#### EXERCISE MATERIAL
lemma circle_solution_form:
  assumes q: "q \<in> admissible_q" and m0: "0 < m" and mpar: "even (m - tr_q q)"
    and eq: "X\<^sup>2 + 2*m*Y + int q*Y\<^sup>2 + int q = 0"
  obtains A B C where "0 < A" "0 < C" "C = -Y" "B = X + tr_q q * C" "B\<^sup>2 - 4*A*C = - int q"
    "2 * nr_q q * C + 2*A - tr_q q * B = m"
proof -
  define t where "t = tr_q q"
  define N where "N = nr_q q"
  have q0: "int q > 0" using admissible_q_pos[OF q] by simp
  have qNt: "int q = 4*N - t\<^sup>2" using disc_nr_tr_q[OF q] by (simp add: N_def t_def)
  have "Y < 0"
  proof (rule ccontr)
    assume "\<not> Y < 0"
    then have "0 \<le> m*Y" using m0 by simp
    moreover have "0 \<le> X\<^sup>2" "0 \<le> int q*Y\<^sup>2" by simp_all
    ultimately show False using eq q0 by linarith
  qed
  define C where "C = -Y"
  define B where "B = X + t*C"
  define E where "E = m + t*X + (t\<^sup>2 - 2*N)*C"
  have "even E"
  proof (cases "t = 0")
    case True
    then show ?thesis using mpar by (simp add: E_def t_def)
  next
    case False
    then have t1: "t = 1" using tr_q_cases[of q] by (simp add: t_def)
    then have "odd (int q)" using odd_iff_tr_q[OF q] by (simp add: t_def)
    moreover have "even (X\<^sup>2 + 2*m*Y + int q*Y\<^sup>2 + int q)" using eq by simp
    ultimately have "even (X + Y + 1)" by simp
    moreover have "odd m" using mpar t1 by (simp add: t_def)
    ultimately show ?thesis unfolding E_def C_def t1 by simp
  qed
  then obtain A where A: "E = 2*A" by (metis dvd_def)
  have disc: "B\<^sup>2 - 4*A*C = - int q"
  proof -
    have "B\<^sup>2 - 4*A*C = B\<^sup>2 - 2*E*C" using A by simp
    also have "\<dots> = X\<^sup>2 + 2*m*Y + (4*N - t\<^sup>2)*Y\<^sup>2"
      by (simp add: B_def E_def C_def algebra_simps power2_eq_square)
    finally show ?thesis using eq qNt by simp
  qed
  have "0 < C" using \<open>Y < 0\<close> by (simp add: C_def)
  moreover have "0 \<le> B\<^sup>2" by simp
  then have "0 < A*C" using disc q0 by linarith
  ultimately have "0 < A" by (simp add: zero_less_mult_iff)
  moreover have "2*N*C + 2*A - t*B = m"
    using A[symmetric] by (simp add: E_def B_def algebra_simps power2_eq_square)
  ultimately show ?thesis using that disc \<open>0 < C\<close> B_def C_def unfolding N_def t_def by blast
qed

lemma calL_n_subset_L_n:
  assumes q: "q \<in> admissible_q" and nm: "2 * n = of_int m" and m0: "0 < m"
    and mpar: "even (m - tr_q q)"
  shows "calL_n q n \<subseteq> L_n q n"
proof
  fix p assume "p \<in> calL_n q n"
  then obtain x y X Y where p: "p = (x, y)"
    and xX: "x = lam_q q * of_int X" and yY: "y = n + 2 * (lam_q q)\<^sup>2 * of_int Y"
    and eq: "X\<^sup>2 + 2*m*Y + int q*Y\<^sup>2 + int q = 0"
    using mem_calL_n_iff[OF admissible_q_pos[OF q] nm] by (metis surj_pair)
  obtain A B C where "0 < A" "0 < C" and CY: "C = -Y" and BX: "B = X + tr_q q * C"
    and disc: "B\<^sup>2 - 4*A*C = - int q" and Am: "2 * nr_q q * C + 2*A - tr_q q * B = m"
    by (rule circle_solution_form[OF q m0 mpar eq])
  obtain a b c d where g: "(a, b, c, d) \<in> SL2Z"
    and F: "form_act (principal_form q) (a, b, c, d) = (A, B, C)"
    using class_number_one[OF q \<open>0 < A\<close> disc] by (metis prod_cases4)
  have "2 * RR q (a, b, c, d) = of_int (2 * nr_q q * C + 2*A - tr_q q * B)"
    using RR_form_act[OF q F] g by (simp add: SL2Z_def)
  then have Rn: "RR q (a, b, c, d) = n" using nm Am by simp
  have "x_g q (a, b, c, d) = x"
    using x_g_form_act[OF q F] xX unfolding BX by simp
  moreover have "y_g q (a, b, c, d) = y"
    using y_g_form_act[OF q F] Rn yY unfolding CY by (simp add: lam_q_sq)
  moreover have "(a, b, c, d) \<in> Gamma_n q n" using g Rn by (simp add: Gamma_n_def)
  ultimately show "p \<in> L_n q n" unfolding L_n_def p by force
qed

text \<open>The pair (a, b) stands for a + b z_q; the defining equation of norm_points is
  4 |a + b z_q|^2 = m^2 - q^2, i.e. norm n^2 - 4 lambda^4 for m = 2 n.\<close>

definition norm_points :: "nat \<Rightarrow> int \<Rightarrow> (int \<times> int) set" where
  "norm_points q m = {(a, b). (2*a + tr_q q * b)\<^sup>2 + int q * b\<^sup>2 = m\<^sup>2 - (int q)\<^sup>2}"

definition cong_points :: "nat \<Rightarrow> int \<Rightarrow> (int \<times> int) set" where
  "cong_points q m = {(a, b) \<in> norm_points q m. int q dvd 2*a + tr_q q * b - m}"

definition circle_point :: "nat \<Rightarrow> real \<Rightarrow> int \<Rightarrow> int \<times> int \<Rightarrow> real \<times> real" where
  "circle_point q n m = (\<lambda>(a, b). (lam_q q * of_int b,
      n + 2 * (lam_q q)\<^sup>2 * of_int ((2*a + tr_q q * b - m) div int q)))"

lemma finite_norm_points:
  assumes "q > 0"
  shows "finite (norm_points q m)"
proof (rule finite_subset)
  show "norm_points q m \<subseteq> {-\<bar>m\<bar>..\<bar>m\<bar>} \<times> {-\<bar>m\<bar>..\<bar>m\<bar>}"
  proof
    fix p assume "p \<in> norm_points q m"
    then obtain a b where p: "p = (a, b)"
      and e: "(2*a + tr_q q * b)\<^sup>2 + int q * b\<^sup>2 = m\<^sup>2 - (int q)\<^sup>2"
      by (auto simp: norm_points_def)
    have "b\<^sup>2 \<le> int q * b\<^sup>2" using assms by (simp add: mult_le_cancel_right1)
    also have "\<dots> \<le> m\<^sup>2" using e by (smt (verit) zero_le_power2)
    finally have b: "\<bar>b\<bar> \<le> \<bar>m\<bar>" using abs_le_square_iff by blast
    have "(2*a + tr_q q * b)\<^sup>2 \<le> m\<^sup>2" using e by (smt (verit) zero_le_power2 zero_le_mult_iff of_nat_0_le_iff)
    then have "\<bar>2*a + tr_q q * b\<bar> \<le> \<bar>m\<bar>" using abs_le_square_iff by blast
    moreover have "\<bar>tr_q q * b\<bar> \<le> \<bar>m\<bar>" using b tr_q_cases[of q] by auto
    ultimately have "\<bar>a\<bar> \<le> \<bar>m\<bar>" by linarith
    then show "p \<in> {-\<bar>m\<bar>..\<bar>m\<bar>} \<times> {-\<bar>m\<bar>..\<bar>m\<bar>}" using b p by auto
  qed
qed simp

#### PROBLEM TO WORK ON
Quote exactly the first line of the data and every line after it through the one holding "(simp add: zero_less_mult_iff)".

#### SOLVED EXERCISE
lemma circle_solution_form:
  assumes q: "q \<in> admissible_q" and m0: "0 < m" and mpar: "even (m - tr_q q)"
    and eq: "X\<^sup>2 + 2*m*Y + int q*Y\<^sup>2 + int q = 0"
  obtains A B C where "0 < A" "0 < C" "C = -Y" "B = X + tr_q q * C" "B\<^sup>2 - 4*A*C = - int q"
    "2 * nr_q q * C + 2*A - tr_q q * B = m"
proof -
  define t where "t = tr_q q"
  define N where "N = nr_q q"
  have q0: "int q > 0" using admissible_q_pos[OF q] by simp
  have qNt: "int q = 4*N - t\<^sup>2" using disc_nr_tr_q[OF q] by (simp add: N_def t_def)
  have "Y < 0"
  proof (rule ccontr)
    assume "\<not> Y < 0"
    then have "0 \<le> m*Y" using m0 by simp
    moreover have "0 \<le> X\<^sup>2" "0 \<le> int q*Y\<^sup>2" by simp_all
    ultimately show False using eq q0 by linarith
  qed
  define C where "C = -Y"
  define B where "B = X + t*C"
  define E where "E = m + t*X + (t\<^sup>2 - 2*N)*C"
  have "even E"
  proof (cases "t = 0")
    case True
    then show ?thesis using mpar by (simp add: E_def t_def)
  next
    case False
    then have t1: "t = 1" using tr_q_cases[of q] by (simp add: t_def)
    then have "odd (int q)" using odd_iff_tr_q[OF q] by (simp add: t_def)
    moreover have "even (X\<^sup>2 + 2*m*Y + int q*Y\<^sup>2 + int q)" using eq by simp
    ultimately have "even (X + Y + 1)" by simp
    moreover have "odd m" using mpar t1 by (simp add: t_def)
    ultimately show ?thesis unfolding E_def C_def t1 by simp
  qed
  then obtain A where A: "E = 2*A" by (metis dvd_def)
  have disc: "B\<^sup>2 - 4*A*C = - int q"
  proof -
    have "B\<^sup>2 - 4*A*C = B\<^sup>2 - 2*E*C" using A by simp
    also have "\<dots> = X\<^sup>2 + 2*m*Y + (4*N - t\<^sup>2)*Y\<^sup>2"
      by (simp add: B_def E_def C_def algebra_simps power2_eq_square)
    finally show ?thesis using eq qNt by simp
  qed
  have "0 < C" using \<open>Y < 0\<close> by (simp add: C_def)
  moreover have "0 \<le> B\<^sup>2" by simp
  then have "0 < A*C" using disc q0 by linarith
  ultimately have "0 < A" by (simp add: zero_less_mult_iff)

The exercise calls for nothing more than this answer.